What is the fastest method to find which of $\frac {3\sqrt {3}-4}{7-2\sqrt {3}} $ and $\frac {3\sqrt {3}-8}{1-2\sqrt {3}} $ is bigger manually?

Question

What is the fastest method to find which number is bigger manually?

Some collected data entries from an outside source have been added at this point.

lemma two_le_card_common_incident_edges:
  assumes "finite E" "card E + 2 \<le> 2 * d" "d \<le> hdegree E u" "d \<le> hdegree E v"
  shows "2 \<le> card (incident_edges E u \<inter> incident_edges E v)"
proof -
  have "card (incident_edges E u) + card (incident_edges E v) =
      card (incident_edges E u \<union> incident_edges E v) + card (incident_edges E u \<inter> incident_edges E v)"
    by (rule card_Un_Int) (simp_all add: incident_edges_def assms(1))
  moreover have "card (incident_edges E u \<union> incident_edges E v) \<le> card E"
    by (rule card_mono) (auto simp: incident_edges_def assms(1))
  ultimately show ?thesis using assms(2-4) by (simp add: hdegree_eq_card_incident_edges)
qed

lemma closed_berge_path_extend_avoiding:
  assumes fin: "finite E" and c: "closed_berge_path E W es"
    and x: "x \<notin> set W" "\<forall>e \<in> set es. x \<notin> e"
    and deg: "card E + 2 \<le> 2 * d" "\<forall>v \<in> insert x (set W). d \<le> hdegree E v"
  shows "extendable E W x"
proof -
  have es: "0 < length es" and lW: "length W = Suc (length es)"
    using c berge_path_length by (auto simp: closed_berge_path_def)
  then have "W ! 0 \<in> set W" "W ! 1 \<in> set W" by auto
  then have common: "2 \<le> card (incident_edges E x \<inter> incident_edges E (W ! k))" if "k \<le> 1" for k
    using that deg by (intro two_le_card_common_incident_edges[OF fin deg(1)]) (auto simp: le_Suc_eq)
  then obtain g where g: "g \<in> incident_edges E x \<inter> incident_edges E (W ! 1)"
    by (metis card.empty ex_in_conv not_numeral_le_zero order_refl)
  have "0 < card (incident_edges E x \<inter> incident_edges E (W ! 0) - {g})"
    using common[of 0] fin by (simp add: card_Diff_singleton_if incident_edges_def)
  then obtain f where f: "f \<in> incident_edges E x \<inter> incident_edges E (W ! 0)" "f \<noteq> g"
    by (metis card_gt_0_iff ex_in_conv Diff_iff singletonI)
  show ?thesis
    by (rule closed_berge_path_insert_nth[OF c es x(1), of f g])
       (use f g x(2) in \<open>auto simp: incident_edges_def\<close>)
qed

lemma card_le_card_if_disjoint_family:
  assumes "finite F" "finite I" "X \<subseteq> F" "\<forall>i\<in>I. D i \<subseteq> F" "\<forall>i\<in>I. X \<inter> D i = {}"
    and "\<forall>i\<in>I. \<forall>j\<in>I. i \<noteq> j \<longrightarrow> D i \<inter> D j = {}"
  shows "card X + (\<Sum>i\<in>I. card (D i)) \<le> card F"
proof -
  have fin: "finite X" "\<forall>i\<in>I. finite (D i)" using assms(1,3,4) finite_subset by blast+
  have "card X + (\<Sum>i\<in>I. card (D i)) = card X + card (\<Union>i\<in>I. D i)"
    using card_UN_disjoint[OF assms(2), of D] fin assms(6) by simp
  also have "\<dots> = card (X \<union> (\<Union>i\<in>I. D i))"
    using fin assms(2,5) by (intro card_Un_disjoint[symmetric]) auto
  also have "\<dots> \<le> card F" using assms(1,3,4) by (intro card_mono) auto
  finally show ?thesis .
qed

lemma two_mult_le_card_if_disjoint_family:
  assumes "finite F" "finite I" "I \<noteq> {}" "t < d"
    and "X \<subseteq> F" "\<forall>i\<in>I. D i \<subseteq> F" "\<forall>i\<in>I. X \<inter> D i = {}"
    and "\<forall>i\<in>I. \<forall>j\<in>I. i \<noteq> j \<longrightarrow> D i \<inter> D j = {}"
    and "d \<le> card X + card I" "\<forall>i\<in>I. d - t \<le> card (D i)"
  shows "2 * d \<le> card F + t + 1"
proof -
  have "card I * (d - t) \<le> (\<Sum>i\<in>I. card (D i))"
    using sum_bounded_below[of I "d - t" "\<lambda>i. card (D i)"] assms(10) by simp
  moreover have "card X + (\<Sum>i\<in>I. card (D i)) \<le> card F"
    using card_le_card_if_disjoint_family assms(1,2,5-8) by blast
  moreover have "(d - t) + card I - 1 \<le> card I * (d - t)"
  proof -
    obtain p where p: "card I = Suc p" using assms(2,3) by (cases "card I") auto
    obtain q where q: "d - t = Suc q" using assms(4) by (cases "d - t") auto
    show ?thesis unfolding p q by simp
  qed
  ultimately show ?thesis using assms(2-4,9) card_gt_0_iff[of I] by linarith
qed

lemma not_extendable_detour_disjoint:
  assumes c: "closed_berge_path E W es" and x: "x \<notin> set W" "\<not> extendable E W x"
    and i: "i < length es" "x \<in> es ! i"
  shows "(incident_edges E x - set es) \<inter> (incident_edges E (W ! Suc i) - set es) = {}"
proof (rule ccontr)
  assume "(incident_edges E x - set es) \<inter> (incident_edges E (W ! Suc i) - set es) \<noteq> {}"
  then obtain g where g: "g \<in> incident_edges E x - set es" "g \<in> incident_edges E (W ! Suc i)"
    by blast
  have "es ! i \<in> set es" "set es \<subseteq> E" "W ! i \<in> es ! i"
    using c i berge_path_nth by (auto simp: closed_berge_path_def)
  then have "extendable E W x"
    using g i by (intro closed_berge_path_insert_nth[OF c i(1) x(1), of "es ! i" g])
      (auto simp: incident_edges_def)
  with x(2) show False ..
qed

$\frac {3\sqrt {3}-4}{7-2\sqrt {3}} $ or $\frac {3\sqrt {3}-8}{1-2\sqrt {3}} $

Answer 1

Using the rule $a\sqrt b=\sqrt{a^2b}$ for $a,b>0$ one checks the signs of numerator and denominator to be both positive for the first fraction and both negative for the second fraction. This is therefore a comparison of two positive numbers (so no verdict yet), and by flipping the signs of numerator and denominator on the right we can ensure that all individual factors are positive: compare $\frac{3\sqrt3-4}{7-2\sqrt3}$ and $\frac{8-3\sqrt3}{2\sqrt3-1}$. Now multiply by the (positive!) product of the denominators to compare $(3\sqrt3-4)(2\sqrt3-1)$ and $(8-3\sqrt3)(7-2\sqrt3)$ which amounts to comparing $22-11\sqrt3$ and $74-37\sqrt3$ or finally $26\sqrt3$ and $52$. Since by happy coincidence $26\times2=52$ and $\sqrt3<2$ the number on the left is smaller.

I'm not sure whether many people could do this easily by mental arithmetic (I certainly did not). Each of the terms in the final comparison are obtained by adding $4$ products from the terms in the original expression. One product, namely $(2\sqrt3)(3\sqrt3)$, contributes twice with opposite signs and could therefore have been cancelled beforehand (leaving $7\times8-4\times1=52$ for that term), but that's all I can see for simplifications. Personally my main problem with mental computation is that I very often get the sign of one term wrong in my head, but maybe with a lot of training one can limit this kind of errors.

Answer 2

$$\dfrac{3\sqrt3-8}{1-2\sqrt3}=\dfrac{8-3\sqrt3}{2\sqrt3-1}$$

Now $$\dfrac{3\sqrt3-4}{7-2\sqrt3}-\dfrac{8-3\sqrt3}{2\sqrt3-1}=\dfrac{(3\sqrt3-4)(2\sqrt3-1)-(7-2\sqrt3)(8-3\sqrt3)}{(7-2\sqrt3)(2\sqrt3-1)}$$

$$=\dfrac{26\sqrt3-52}{(7-2\sqrt3)(2\sqrt3-1)}$$

Now the denominator $>0,$ and $26\sqrt3-52=26(\sqrt3-2)<0$

Answer 3

I would multiply by the conjugate of denominator $$a=\frac{3 \sqrt{3}-4}{7-2 \sqrt{3}}=\frac{1}{37} \left(13 \sqrt{3}-10\right)$$ $$b=\frac{3 \sqrt{3}-8}{1-2 \sqrt{3}}=\frac{1}{11} \left(13 \sqrt{3}-10\right)$$ this makes $a<b$.

Answer 4

Claim:

$$\frac {3\sqrt {3}-4}{7-2\sqrt {3}}<\frac {3\sqrt {3}-8}{1-2\sqrt {3}}$$

Proof:

Let $u=\sqrt 3-1$. Notice $1>u>\frac12$.

If

$$\frac{3u-1}{5-2u}<\frac{3u-5}{-2u-1}$$ $$\Leftarrow-6u^2-u+1>-6u^2+25u-25$$ $$\Leftarrow26>26u$$ $$\Leftarrow1>u=\sqrt3-1$$

which is true.

Answer 5

Using the approximation $\sqrt3\approx1.7$, one can do a bit of mental arithmetic and see that

$${3\sqrt3-4\over7-2\sqrt3}\approx{1.1\over3.6}\lt1\qquad\text{while}\qquad{3\sqrt3-8\over1-2\sqrt3}\approx{-2.9\over-2.4}={2.9\over2.4}\gt1$$

This only works, of course, because the two numbers are not at all close. It's also not a rigorous proof, although it could be turned into one with a little more care. For example, since $\sqrt3\lt2$, we have

$${3\sqrt3-4\over7-2\sqrt3}\lt{6-4\over7-4}={2\over3}\qquad\text{while}\qquad{3\sqrt3-8\over1-2\sqrt3}={8-3\sqrt3\over2\sqrt3-1}\gt{8-6\over4-1}={2\over3}$$

(Note the element of luck here, in that the two crude bounds happen to agree.)